TASK PROMPT: Your answer must be every line of the data that contains "longleftrightarrow".

Stored items

(* For every integer $n\ge 3$, $$Kf(M_n)=\frac{n^{3}-n}{6}+\frac{n^{2}}{\sqrt{3}}\cdot\frac{p^{n}-q^{n}}{p^{n}+q^{n}+2}.$$
   Context: For an integer $n\ge 3$, the Möbius polyomino network $M_n$ is the graph with vertex set $\{1,\dots,n\}\cup\{1',\dots,n'\}$ whose edges are $\{i,i+1\}$ and $\{i',(i+1)'\}$ for $1\le i\le n-1$, $\{i,i'\}$ for $1\le i\le n$, and the two edges $\{1,n'\}$ and $\{1',n\}$. It has $2n$ vertices and $3n$ edges, and every vertex has degree $3$. $p=2+\sqrt3$, $q=2-\sqrt3$. The Kirchhoff index of a connected graph $G$ is $Kf(G)=\sum_{i<j}r_{ij}$, where $r_{ij}$ is the resistance distance between vertices $i$ and $j$; equivalently $Kf(G)=N\sum_{k=2}^{N}1/\mu_k$, where $N=|V(G)|$ and $0=\mu_1<\mu_2\le\dots\le\mu_N$ are the Laplacian eigenvalues of $G$. *)

theory Defs
  imports Complex_Main
begin

text \<open>A finite simple graph is given by a finite vertex set V and a symmetric,
irreflexive adjacency relation A on V.\<close>

definition laplacian_app :: "'a set \<Rightarrow> ('a \<Rightarrow> 'a \<Rightarrow> bool) \<Rightarrow> ('a \<Rightarrow> real) \<Rightarrow> 'a \<Rightarrow> real" where
  "laplacian_app V A x u = (\<Sum>v\<in>{v\<in>V. A u v}. x u - x v)"

text \<open>Resistance distance between i and j: inject a unit current at i, extract it at j
(i.e. solve L x = e_i - e_j); r_ij is the resulting potential difference x_i - x_j.
For a connected graph this is well defined (equals (e_i-e_j)^T L^+ (e_i-e_j)).\<close>
definition resistance :: "'a set \<Rightarrow> ('a \<Rightarrow> 'a \<Rightarrow> bool) \<Rightarrow> 'a \<Rightarrow> 'a \<Rightarrow> real" where
  "resistance V A i j =
     (THE r. \<exists>x. (\<forall>u\<in>V. laplacian_app V A x u =
                      (if u = i then 1 else 0) - (if u = j then 1 else 0)) \<and> r = x i - x j)"

text \<open>Kirchhoff index: sum of r_ij over unordered pairs {i,j}, i \<noteq> j
(written as half the ordered double sum; r_ii = 0).\<close>
definition kirchhoff :: "'a set \<Rightarrow> ('a \<Rightarrow> 'a \<Rightarrow> bool) \<Rightarrow> real" where
  "kirchhoff V A = (\<Sum>i\<in>V. \<Sum>j\<in>V. resistance V A i j) / 2"

text \<open>Moebius polyomino network M_n: vertex (i, False) is i, vertex (i, True) is i'.\<close>
definition mob_V :: "nat \<Rightarrow> (nat \<times> bool) set" where
  "mob_V n = {1..n} \<times> (UNIV :: bool set)"

definition mob_adj :: "nat \<Rightarrow> nat \<times> bool \<Rightarrow> nat \<times> bool \<Rightarrow> bool" where
  "mob_adj n u v \<longleftrightarrow> u \<in> mob_V n \<and> v \<in> mob_V n \<and>
     ((snd u = snd v \<and> (fst v = fst u + 1 \<or> fst u = fst v + 1))
      \<or> (fst u = fst v \<and> snd u \<noteq> snd v)
      \<or> {u, v} = {(1, False), (n, True)}
      \<or> {u, v} = {(1, True), (n, False)})"

end

theory Submission
  imports Defs
begin

text \<open>Numbering the vertices i and i' as i - 1 and n + i - 1 turns M_n into the circulant
graph on Z/2nZ in which k is adjacent to k \<plusminus> 1 and k + n.  By rotation invariance it
suffices to find one function F on Z/2nZ with L F = \<delta>_0 - 1/(2n) and mean zero; then
G(w, u) = F(u - w) is a Green function, r_ij = G(i,i) + G(j,j) - G(i,j) - G(j,i), and
Kf(M_n) = (2n)^2 F(0).  Splitting F into its parts that are symmetric and antisymmetric
under k \<mapsto> k + n reduces L F = \<delta>_0 - 1/(2n) to two equations on a path of length n:
the Green function \<alpha> of the cycle C_n, a quadratic polynomial, and an antiperiodic
solution \<beta> of \<beta>(j+1) + \<beta>(j-1) = 4\<beta>(j), a combination of p^j and q^j.\<close>

section \<open>Resistance distance via a Green function\<close>

definition harmonic :: "'a set \<Rightarrow> ('a \<Rightarrow> 'a \<Rightarrow> bool) \<Rightarrow> ('a \<Rightarrow> real) \<Rightarrow> bool" where
  "harmonic V A z \<longleftrightarrow> (\<forall>u\<in>V. laplacian_app V A z u = 0)"

lemma laplacian_app_diff:
  "laplacian_app V A (\<lambda>u. x u - y u) u = laplacian_app V A x u - laplacian_app V A y u"
  unfolding laplacian_app_def sum_subtractf[symmetric] by (rule sum.cong) auto

lemma laplacian_quadratic_form:
  assumes fin: "finite V" and sym: "\<And>u v. A u v \<Longrightarrow> A v u"
  shows "(\<Sum>u\<in>V. z u * laplacian_app V A z u)
           = (\<Sum>u\<in>V. \<Sum>v\<in>V. if A u v then (z u - z v)^2 else 0) / 2"
proof -
  define h where "h u v = (if A u v then z u * (z u - z v) else 0)" for u v
  have lap: "(\<Sum>u\<in>V. z u * laplacian_app V A z u) = (\<Sum>u\<in>V. \<Sum>v\<in>V. h u v)"
    unfolding laplacian_app_def sum.inter_filter[OF fin] sum_distrib_left h_def
    by (intro sum.cong) auto
  have "(if A u v then (z u - z v)^2 else 0) = h u v + h v u" for u v
    using sym[of u v] sym[of v u] by (auto simp: h_def power2_eq_square algebra_simps)
  then have "(\<Sum>u\<in>V. \<Sum>v\<in>V. if A u v then (z u - z v)^2 else 0)
               = (\<Sum>u\<in>V. \<Sum>v\<in>V. h u v) + (\<Sum>u\<in>V. \<Sum>v\<in>V. h v u)"
    by (simp add: sum.distrib)
  also have "(\<Sum>u\<in>V. \<Sum>v\<in>V. h v u) = (\<Sum>u\<in>V. \<Sum>v\<in>V. h u v)"
    by (rule sum.swap)
  finally show ?thesis using lap by simp
qed

lemma harmonic_eq_on_edge:
  assumes fin: "finite V" and sym: "\<And>u v. A u v \<Longrightarrow> A v u" and harm: "harmonic V A z"
    and u: "u \<in> V" and v: "v \<in> V" and uv: "A u v"
  shows "z u = z v"
proof -
  define e where "e u v = (if A u v then (z u - z v)^2 else 0)" for u v
  have "(\<Sum>u\<in>V. z u * laplacian_app V A z u) = (\<Sum>u\<in>V. \<Sum>v\<in>V. e u v) / 2"
    unfolding e_def by (rule laplacian_quadratic_form[OF fin]) (erule sym)
  then have "(\<Sum>u\<in>V. \<Sum>v\<in>V. e u v) = 0"
    using harm by (simp add: harmonic_def)
  moreover have e_nonneg: "0 \<le> e u' v'" for u' v'
    by (simp add: e_def)
  ultimately have "(\<Sum>v\<in>V. e u v) = 0"
    using u by (simp add: sum_nonneg_eq_0_iff[OF fin] sum_nonneg)
  then have "e u v = 0"
    using v by (simp add: sum_nonneg_eq_0_iff[OF fin] e_nonneg)
  then show ?thesis using uv by (simp add: e_def)
qed

lemma resistance_eqI:
  assumes const: "\<And>z u v. harmonic V A z \<Longrightarrow> u \<in> V \<Longrightarrow> v \<in> V \<Longrightarrow> z u = z v"
    and i: "i \<in> V" and j: "j \<in> V"
    and x: "\<forall>u\<in>V. laplacian_app V A x u = (if u = i then 1 else 0) - (if u = j then 1 else 0)"
  shows "resistance V A i j = x i - x j"
  unfolding resistance_def
proof (rule the_equality)
  fix r
  assume "\<exists>y. (\<forall>u\<in>V. laplacian_app V A y u = (if u = i then 1 else 0) - (if u = j then 1 else 0))
               \<and> r = y i - y j"
  then obtain y where y: "\<forall>u\<in>V. laplacian_app V A y u = (if u = i then 1 else 0) - (if u = j then 1 else 0)"
    and r: "r = y i - y j" by blast
  have "harmonic V A (\<lambda>u. y u - x u)"
    using x y by (simp add: harmonic_def laplacian_app_diff)
  then have "y i - x i = y j - x j" using const i j by blast
  then show "r = x i - x j" using r by simp
qed (use x in blast)
lemma hyperplane_subspace: "vec.subspace (hyperplane N y :: (nat \<Rightarrow> 'a::field) set)"
  unfolding vec.subspace_def hyperplane_def by (auto simp: dot_add dot_smul) (simp add: dot_def)

lemma dim_eq_dim_inter_hyperplane_Suc:
  fixes U :: "(nat \<Rightarrow> 'a::field) set"
  assumes U: "vec.subspace U" "U \<subseteq> vecs N" and s: "s \<in> U" "dot N y s \<noteq> 0"
  shows "vec.dim U = vec.dim (U \<inter> hyperplane N y) + 1"
proof -
  let ?K = "U \<inter> hyperplane N y"
  obtain B where B: "B \<subseteq> ?K" "vec.independent B" "?K \<subseteq> vec.span B" "card B = vec.dim ?K"
    using vec.basis_exists by blast
  have "finite B" using independent_vecs_finite B(1,2) U(2) by blast
  have "vec.span B \<subseteq> ?K"
    using B(1) by (intro vec.span_minimal vec.subspace_inter U(1) hyperplane_subspace)
  then have s_notin: "s \<notin> vec.span B" using s(2) by (auto simp: hyperplane_def)
  have "U \<subseteq> vec.span (insert s B)"
  proof
    fix x assume x: "x \<in> U"
    define c where "c = dot N y x / dot N y s"
    have "x - smul c s \<in> ?K"
      using x s U(1) by (auto simp: hyperplane_def dot_diff dot_smul c_def vec.subspace_diff vec.subspace_scale)
    then have "(x - smul c s) + smul c s \<in> vec.span (insert s B)"
      using B(3) vec.span_mono[of B "insert s B"]
      by (intro vec.span_add vec.span_scale) (auto intro: vec.span_base)
    then show "x \<in> vec.span (insert s B)" by simp
  qed
  then have "vec.dim U = card (insert s B)"
    using B s s_notin by (intro vec.dim_unique) (auto simp: vec.independent_insert)
  moreover have "s \<notin> B" using s_notin vec.span_base by blast
  ultimately show ?thesis using \<open>finite B\<close> B(4) by simp
qed

section \<open>Counting over a finite field\<close>

lemma bij_betw_restrict_vecs:
  "bij_betw (\<lambda>x. restrict x {1..N}) (vecs N :: (nat \<Rightarrow> 'a::field) set) (PiE {1..N} (\<lambda>_. UNIV))"
proof (rule bij_betw_byWitness[where f' = "\<lambda>f i. if i \<in> {1..N} then f i else 0"])
  show "\<forall>x\<in>vecs N. (\<lambda>i. if i \<in> {1..N} then restrict x {1..N} i else 0) = (x :: nat \<Rightarrow> 'a)"
    by (auto simp: vecs_def fun_eq_iff)
  show "\<forall>f\<in>PiE {1..N} (\<lambda>_. UNIV :: 'a set).
      restrict (\<lambda>i. if i \<in> {1..N} then f i else 0) {1..N} = f"
    by (simp cong: restrict_cong)
  show "(\<lambda>x. restrict x {1..N}) ` vecs N \<subseteq> PiE {1..N} (\<lambda>_. UNIV :: 'a set)"
    by auto
  show "(\<lambda>f i. if i \<in> {1..N} then f i else 0) ` PiE {1..N} (\<lambda>_. UNIV) \<subseteq> (vecs N :: (nat \<Rightarrow> 'a) set)"
    by (auto simp: vecs_def)
qed

lemma finite_vecs: "finite (vecs N :: (nat \<Rightarrow> 'a::{finite,field}) set)"
  using bij_betw_finite[OF bij_betw_restrict_vecs[of N, where 'a = 'a]] by (simp add: finite_PiE)

lemma card_vecs: "card (vecs N :: (nat \<Rightarrow> 'a::{finite,field}) set) = card (UNIV :: 'a set) ^ N"
  using bij_betw_same_card[OF bij_betw_restrict_vecs[of N, where 'a = 'a]] by (simp add: card_PiE)

lemma card_vecs_hyperplane_le:
  fixes z :: "nat \<Rightarrow> 'a::{finite,field}"
  assumes z: "z \<in> vecs N" "z \<noteq> 0"
  shows "card (vecs N \<inter> hyperplane N z) \<le> card (UNIV :: 'a set) ^ (N - 1)"
proof -
  obtain k0 where k0: "z k0 \<noteq> 0" using z(2) by (auto simp: fun_eq_iff)
  have k0N: "k0 \<in> {1..N}" using z(1) k0 by (auto simp: vecs_def)
  let ?A = "{1..N} - {k0}"
  have dot_split: "dot N z y = z k0 * y k0 + (\<Sum>k\<in>?A. z k * y k)" for y
    unfolding dot_def using k0N by (simp add: sum.remove)
  \<comment> \<open>The coordinate at \<open>k0\<close> of a vector orthogonal to \<open>z\<close> is determined by the others.\<close>
  have "inj_on (\<lambda>y. restrict y ?A) (vecs N \<inter> hyperplane N z)"
  proof (rule inj_onI)
    fix y y' assume y: "y \<in> vecs N \<inter> hyperplane N z" and y': "y' \<in> vecs N \<inter> hyperplane N z"
      and eq: "restrict y ?A = restrict y' ?A"
    have agree: "y k = y' k" if "k \<in> ?A" for k
      using fun_cong[OF eq, of k] that by simp
    have "dot N z y = 0" "dot N z y' = 0" using y y' by (simp_all add: hyperplane_def)
    moreover have "(\<Sum>k\<in>?A. z k * y k) = (\<Sum>k\<in>?A. z k * y' k)" using agree by simp
    ultimately have "z k0 * y k0 = z k0 * y' k0"
      using dot_split[of y] dot_split[of y'] by (metis add_right_cancel)
    then have "y k0 = y' k0" using k0 by simp
    have "y k = y' k" for k
      using agree[of k] \<open>y k0 = y' k0\<close> y y' by (cases "k \<in> {1..N}") (auto simp: vecs_def)
    then show "y = y'" by (rule ext)
  qed
  then have "card (vecs N \<inter> hyperplane N z) \<le> card (PiE ?A (\<lambda>_. UNIV :: 'a set))"
    by (rule card_inj_on_le) (auto simp: image_subset_iff intro: finite_PiE)
  also have "\<dots> = card (UNIV :: 'a set) ^ (N - 1)" using k0N by (simp add: card_PiE)
  finally show ?thesis .
qed

lemma exists_vec_nonorthogonal:
  fixes Z :: "(nat \<Rightarrow> 'a::{finite,field}) set"
  assumes Z: "finite Z" "Z \<subseteq> vecs N" "0 \<notin> Z" "card Z < card (UNIV :: 'a set)"
  shows "\<exists>y\<in>vecs N. \<forall>z\<in>Z. dot N y z \<noteq> 0"
proof (cases "N = 0")
  case True
  then have "vecs N = {0 :: nat \<Rightarrow> 'a}" by (auto simp: vecs_def fun_eq_iff)
  then have "Z = {}" using Z(2,3) by auto
  then show ?thesis using vec.subspace_0[OF vecs_subspace] by blast
next
  case False
  have "card (\<Union>z\<in>Z. vecs N \<inter> hyperplane N z) \<le> (\<Sum>z\<in>Z. card (vecs N \<inter> hyperplane N z))"
    using Z(1) by (rule card_UN_le)
  also have "\<dots> \<le> (\<Sum>z\<in>Z. card (UNIV :: 'a set) ^ (N - 1))"
    using Z by (intro sum_mono card_vecs_hyperplane_le) auto
  also have "\<dots> = card Z * card (UNIV :: 'a set) ^ (N - 1)" by simp
  also have "\<dots> < card (UNIV :: 'a set) * card (UNIV :: 'a set) ^ (N - 1)"
    using Z(4) by (intro mult_strict_right_mono) auto
  also have "\<dots> = card (vecs N :: (nat \<Rightarrow> 'a) set)"
    using False by (simp add: card_vecs flip: power_Suc)
  finally have lt: "card (\<Union>z\<in>Z. vecs N \<inter> hyperplane N z) < card (vecs N :: (nat \<Rightarrow> 'a) set)" .
  have "\<not> vecs N \<subseteq> (\<Union>z\<in>Z. vecs N \<inter> hyperplane N z)"
  proof
    assume "vecs N \<subseteq> (\<Union>z\<in>Z. vecs N \<inter> hyperplane N z)"
    then have "card (vecs N :: (nat \<Rightarrow> 'a) set) \<le> card (\<Union>z\<in>Z. vecs N \<inter> hyperplane N z)"
      by (intro card_mono) (auto intro: finite_subset[OF _ finite_vecs])
    with lt show False by simp
  qed
  then show ?thesis by (auto simp: hyperplane_def dot_commute)
qed

section \<open>Independence and the dual code\<close>

lemma independent_if_private_coords:
  fixes w :: "'i \<Rightarrow> nat \<Rightarrow> 'a::field"
  assumes "finite L"
    and own: "\<And>l. l \<in> L \<Longrightarrow> w l (key l) \<noteq> 0"
    and others: "\<And>l l'. l \<in> L \<Longrightarrow> l' \<in> L \<Longrightarrow> l' \<noteq> l \<Longrightarrow> w l' (key l) = 0"
  shows "inj_on w L" and "vec.independent (w ` L)"
proof -
  show inj: "inj_on w L"
  proof (rule inj_onI)
    fix l l' assume "l \<in> L" "l' \<in> L" "w l = w l'"
    then show "l = l'" using own[of l] others[of l l'] by fastforce
  qed
  show "vec.independent (w ` L)"
  proof (rule vec.independent_if_scalars_zero)
    show "finite (w ` L)" using \<open>finite L\<close> by simp
    fix f x assume sum0: "(\<Sum>x\<in>w ` L. smul (f x) x) = 0" and "x \<in> w ` L"
    then obtain l where l: "l \<in> L" "x = w l" by auto
    have "0 = (\<Sum>l'\<in>L. f (w l') * w l' (key l))"
      using fun_cong[OF sum0, of "key l"] sum.reindex[OF inj, of "\<lambda>x. f x * x (key l)"]
      by (simp add: sum_fun_apply smul_def)
    also have "\<dots> = f (w l) * w l (key l)"
      using \<open>finite L\<close> l(1) others by (simp add: sum.remove)
    finally show "f x = 0" using own[OF l(1)] l(2) by simp
  qed
qed

lemma dual_code_eq: "dual_code N C = {w \<in> vecs N. \<forall>c\<in>C. dot N w c = 0}"
  by (simp add: dual_code_def dot_def)

lemma dual_code_subspace: "vec.subspace (dual_code N C :: (nat \<Rightarrow> 'a::field) set)"
proof -
  have "dual_code N C = vecs N \<inter> (\<Inter>c\<in>C. hyperplane N c)"
    by (auto simp: dual_code_eq hyperplane_def dot_commute)
  then show ?thesis
    by (auto intro!: vec.subspace_inter vecs_subspace vec.subspace_Inter hyperplane_subspace)
qed

section \<open>Dimension of the dual of a systematic code\<close>

locale systematic_code =
  fixes N n :: nat and C :: "(nat \<Rightarrow> 'a::field) set"
  assumes linear: "linear_code N C" and systematic: "systematic N n C"
begin

lemma dimension_le_length: "n \<le> N"
  using systematic by (simp add: systematic_def)

lemma code_subspace: "vec.subspace C"
  using linear by (simp add: linear_code_def is_subspace_def)

lemma unique_extension: "x \<in> vecs n \<Longrightarrow> \<exists>!c. c \<in> C \<and> (\<forall>j\<in>{1..n}. c j = x j)"
  using systematic unfolding systematic_def by (elim conjE bspec)

lemma code_eq_if_agree:
  assumes "c \<in> C" "c' \<in> C" "\<forall>j\<in>{1..n}. c j = c' j"
  shows "c = c'"
proof -
  let ?x = "\<lambda>j. if j \<in> {1..n} then c j else 0"
  have "\<exists>!d. d \<in> C \<and> (\<forall>j\<in>{1..n}. d j = ?x j)"
    by (rule unique_extension) (simp add: vecs_def)
  moreover have "c \<in> C \<and> (\<forall>j\<in>{1..n}. c j = ?x j)" "c' \<in> C \<and> (\<forall>j\<in>{1..n}. c' j = ?x j)"
    using assms by auto
  ultimately show ?thesis by (metis ex1E)
qed

definition gen :: "nat \<Rightarrow> nat \<Rightarrow> 'a" where
  "gen i = (THE c. c \<in> C \<and> (\<forall>j\<in>{1..n}. c j = unit_vec i j))"

lemma gen_in_code: "i \<in> {1..n} \<Longrightarrow> gen i \<in> C"
  and gen_apply: "i \<in> {1..n} \<Longrightarrow> j \<in> {1..n} \<Longrightarrow> gen i j = unit_vec i j"
proof -
  assume "i \<in> {1..n}"
  then have "\<exists>!c. c \<in> C \<and> (\<forall>j\<in>{1..n}. c j = unit_vec i j)"
    by (rule unique_extension[OF unit_vec_in_vecs])
  then have "gen i \<in> C \<and> (\<forall>j\<in>{1..n}. gen i j = unit_vec i j)"
    unfolding gen_def by (rule theI')
  then show "gen i \<in> C" and "j \<in> {1..n} \<Longrightarrow> gen i j = unit_vec i j" by auto
qed

lemma code_eq_sum_gen: "c \<in> C \<Longrightarrow> c = (\<Sum>i\<in>{1..n}. smul (c i) (gen i))"
proof (rule code_eq_if_agree)
  show "(\<Sum>i\<in>{1..n}. smul (c i) (gen i)) \<in> C"
    using code_subspace gen_in_code by (intro vec.subspace_sum vec.subspace_scale) auto
  show "\<forall>j\<in>{1..n}. c j = (\<Sum>i\<in>{1..n}. smul (c i) (gen i)) j"
    by (simp add: sum_fun_apply smul_def gen_apply unit_vec_def if_distrib[of "\<lambda>t. _ * t"]
        cong: if_cong)
qed

text \<open>The rows of the parity-check matrix \<open>[-G\<^sup>T | I]\<close> of the generator matrix \<open>[I | G]\<close>
  whose rows are the \<open>gen i\<close>.\<close>
definition parity :: "nat \<Rightarrow> nat \<Rightarrow> 'a" where
  "parity k = (\<lambda>m. if m \<in> {1..n} then - gen m k else unit_vec k m)"

lemma parity_in_dual_code:
  assumes k: "k \<in> {n+1..N}"
  shows "parity k \<in> dual_code N C"
proof -
  have "parity k \<in> vecs N"
    using k by (auto simp: parity_def unit_vec_def vecs_def)
  moreover have "dot N (parity k) c = 0" if c: "c \<in> C" for c
  proof -
    have "{1..N} = {1..n} \<union> {n+1..N}" using dimension_le_length by auto
    then have "dot N (parity k) c = - (\<Sum>m\<in>{1..n}. gen m k * c m) + c k"
      using k by (simp add: dot_def sum.union_disjoint parity_def unit_vec_def sum_negf
          if_distrib[of "\<lambda>t. t * _"] cong: if_cong)
    also have "c k = (\<Sum>m\<in>{1..n}. gen m k * c m)"
      by (subst code_eq_sum_gen[OF c]) (simp add: sum_fun_apply smul_def mult.commute)
    finally show ?thesis by simp
  qed
  ultimately show ?thesis by (simp add: dual_code_eq)
qed

lemma dual_code_eq_sum_parity:
  assumes w: "w \<in> dual_code N C"
  shows "w = (\<Sum>k\<in>{n+1..N}. smul (w k) (parity k))"
proof
  fix m
  show "w m = (\<Sum>k\<in>{n+1..N}. smul (w k) (parity k)) m"
  proof (cases "m \<in> {1..n}")
    case True
    have "{1..N} = {1..n} \<union> {n+1..N}" using dimension_le_length by auto
    moreover have "dot N w (gen m) = 0" using w gen_in_code[OF True] by (simp add: dual_code_eq)
    ultimately have "w m + (\<Sum>k\<in>{n+1..N}. w k * gen m k) = 0"
      using True by (simp add: dot_def sum.union_disjoint gen_apply unit_vec_def
          if_distrib[of "\<lambda>t. _ * t"] cong: if_cong)
    then have "w m = - (\<Sum>k\<in>{n+1..N}. w k * gen m k)"
      by (simp add: eq_neg_iff_add_eq_0)
    also have "\<dots> = (\<Sum>k\<in>{n+1..N}. smul (w k) (parity k)) m"
      using True by (simp add: sum_fun_apply smul_def parity_def sum_negf)
    finally show ?thesis .
  next
    case False
    then have "parity k m = unit_vec k m" for k
      unfolding parity_def by (rule if_not_P)
    then have "(\<Sum>k\<in>{n+1..N}. smul (w k) (parity k)) m = (\<Sum>k\<in>{n+1..N}. smul (w k) (unit_vec k)) m"
      by (simp add: sum_fun_apply smul_def)
    also have "\<dots> = (if m \<in> {n+1..N} then w m else 0)" by (simp add: sum_smul_unit_vec_apply)
    also have "\<dots> = w m" using False w by (auto simp: dual_code_def vecs_def)
    finally show ?thesis ..
  qed
qed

TASK OUTPUT:
  "mob_adj n u v \<longleftrightarrow> u \<in> mob_V n \<and> v \<in> mob_V n \<and>
  "harmonic V A z \<longleftrightarrow> (\<forall>u\<in>V. laplacian_app V A z u = 0)"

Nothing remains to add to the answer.